The most famous example of a double yet to be achieved is Het Volk and the Tour of Flanders. The knowledge tells us that, in a similar way to the Malédiction de la Marseillaise, if your form is good enough to win Het Volk so early in the season, you’ll probably have dropped off a bit by the time the Ronde comes round in April. But again, there are examples which make a nonsense of this. For instance, look at the Het Volk & Paris-Roubaix box. Johan Museeuw, Franco Ballerini and Merckx have all managed to couple wins at Het Volk with a race which is held a week later than the Tour of Flanders. Perhaps the Het Volk/Flanders double has become more of a psychological blocker for riders now as it is now something that is regularly discussed.

The final blank box in the list of doubles is Kuurne-Brussels-Kuurne and Ghent-Wevelgem. This simply looks like an anomaly that it has never been done.

Another notable feature of this table, for someone with an unashamed Irish bent such as myself, is the absence of Sean Kelly’s name. For a man synonymous with winning all year and as a cobbled classics specialist, he won surprisingly few of these races. He ‘only’ had three wins – one Ghent-Wevelgem and two editions of Paris-Roubaix.

The most prestigious double is of course the two monuments – the Tour of Flanders and Paris-Roubaix. In spite of this, or perhaps because of it, it is the one which has been achieved the most. Who really cares about a double of, say, Kuurne-Brussels-Kuurne and the E3 Prijs. It’s not ‘a thing’. Nobody will speak about the possiblity of doing this double for any rider who might be entering E3 Prijs having already won in Kuurne earlier in the year. But a Flanders/Roubaix double, now that’s a thing. A chance to elevate oneself to the level of cycling immortality. It has been done 11 times by nine different riders. Again, Boonen and Cancellara showing just how dominant they were as they’re the only two to have done it twice.

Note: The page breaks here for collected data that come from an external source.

lemma one_notin_D_by_counting:
  assumes "k * k \<noteq> k + lam * (k - 1) + mu * (v - k)"
  shows "\<one> \<notin> D"
proof
  assume one: "\<one> \<in> D"
  have "quotient_pairs (carrier G) = D \<times> D"
    using D_subset by (auto simp: quotient_pairs_def)
  then have "int (card (quotient_pairs (carrier G))) = k * k"
    using card_D by (simp add: card_cartesian_product)
  moreover have "D \<inter> (carrier G - {\<one>}) = D - {\<one>}" "carrier G - {\<one>} - D = carrier G - D"
    using D_subset one by auto
  moreover have "int (card (D - {\<one>})) = k - 1"
  proof -
    have "card D > 0"
      using one finite_D card_gt_0_iff by blast
    then show ?thesis
      using one finite_D card_D by (simp add: of_nat_diff)
  qed
  moreover have "int (card (carrier G - D)) = v - k"
    using D_subset finite_carrier order_eq card_D card_mono[OF finite_carrier D_subset]
    by (simp add: card_Diff_subset[OF finite_D D_subset] order_def of_nat_diff)
  ultimately show False
    using card_quotient_pairs[of "carrier G"] assms by simp
qed
lemma pt4_neqI:
  assumes "valid4 v" "k < 4" "v (2*k) * w (2*k+1) \<noteq> v (2*k+1) * w (2*k)"
  shows "pt4 v \<noteq> pt4 w"
proof
  assume "pt4 v = pt4 w"
  then obtain l where "\<forall>k<4. l k \<noteq> 0 \<and> v (2*k) = l k * w (2*k) \<and> v (2*k+1) = l k * w (2*k+1)"
    by (rule pt4_eqD[OF assms(1)])
  then show False using assms(2,3) by (auto simp: algebra_simps)
qed

lemma peval_rescaled:
  assumes "multihom f" "\<forall>i<8. v i = l (i div 2) * w i"
  shows "\<exists>c. peval f v = c * peval f w"
proof -
  obtain d where vars: "\<forall>m\<in>Poly_Mapping.keys f. \<forall>i\<in>Poly_Mapping.keys m. i < 8"
    and deg: "\<forall>m\<in>Poly_Mapping.keys f. \<forall>k<4. Poly_Mapping.lookup m (2*k) + Poly_Mapping.lookup m (2*k+1) = d k"
    using assms(1) unfolding multihom_def by blast
  let ?c = "\<Prod>k<4. l k ^ d k"
  have "mono_eval m v = ?c * mono_eval m w" if m: "m \<in> Poly_Mapping.keys f" for m
  proof -
    have keys: "Poly_Mapping.keys m \<subseteq> {..<8}" using vars m by auto
    have "mono_eval m v = (\<Prod>i<8. l (i div 2) ^ Poly_Mapping.lookup m i) * (\<Prod>i<8. w i ^ Poly_Mapping.lookup m i)"
      using assms(2) by (simp add: mono_eval_eq_prod_superset[OF _ keys] power_mult_distrib prod.distrib[symmetric])
    also have "(\<Prod>i<8. l (i div 2) ^ Poly_Mapping.lookup m i) = ?c"
    proof -
      have p8: "(\<Prod>i<8. g i) = g 0 * g 1 * g 2 * g 3 * g 4 * g 5 * g 6 * g 7" for g :: "nat \<Rightarrow> complex"
        by (simp add: eval_nat_numeral)
      have p4: "(\<Prod>k<4. g k) = g 0 * g 1 * g 2 * g 3" for g :: "nat \<Rightarrow> complex"
        by (simp add: eval_nat_numeral)
      have "Poly_Mapping.lookup m 0 + Poly_Mapping.lookup m 1 = d 0"
        "Poly_Mapping.lookup m 2 + Poly_Mapping.lookup m 3 = d 1"
        "Poly_Mapping.lookup m 4 + Poly_Mapping.lookup m 5 = d 2"
        "Poly_Mapping.lookup m 6 + Poly_Mapping.lookup m 7 = d 3"
        using deg m unfolding all_less_4 by simp_all
      then show ?thesis unfolding p8 p4 by (auto simp: power_add[symmetric] mult_ac)
    qed
    finally show ?thesis by (simp add: mono_eval_eq_prod_superset[OF _ keys])
  qed
  then have "peval f v = ?c * peval f w"
    unfolding peval_def by (simp add: sum_distrib_right mult_ac)
  then show ?thesis by blast
qed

Of all the riders in this table, plenty of the greatest cyclists of all time, only one of them has won all seven of these races in their career. And for once with stats like these, it is not Eddy Merckx – he never won Dwars Door Vlaanderen or the E3 Prijs. It’s not Boonen either. He has never won Het Volk, and now he never will. Nor is it Johan Museeuw, surprisingly there’s a Ghent-Wevelgem shaped hole missing on his palmares.

The only rider who has won all seven of these races in their career is Jan Raas.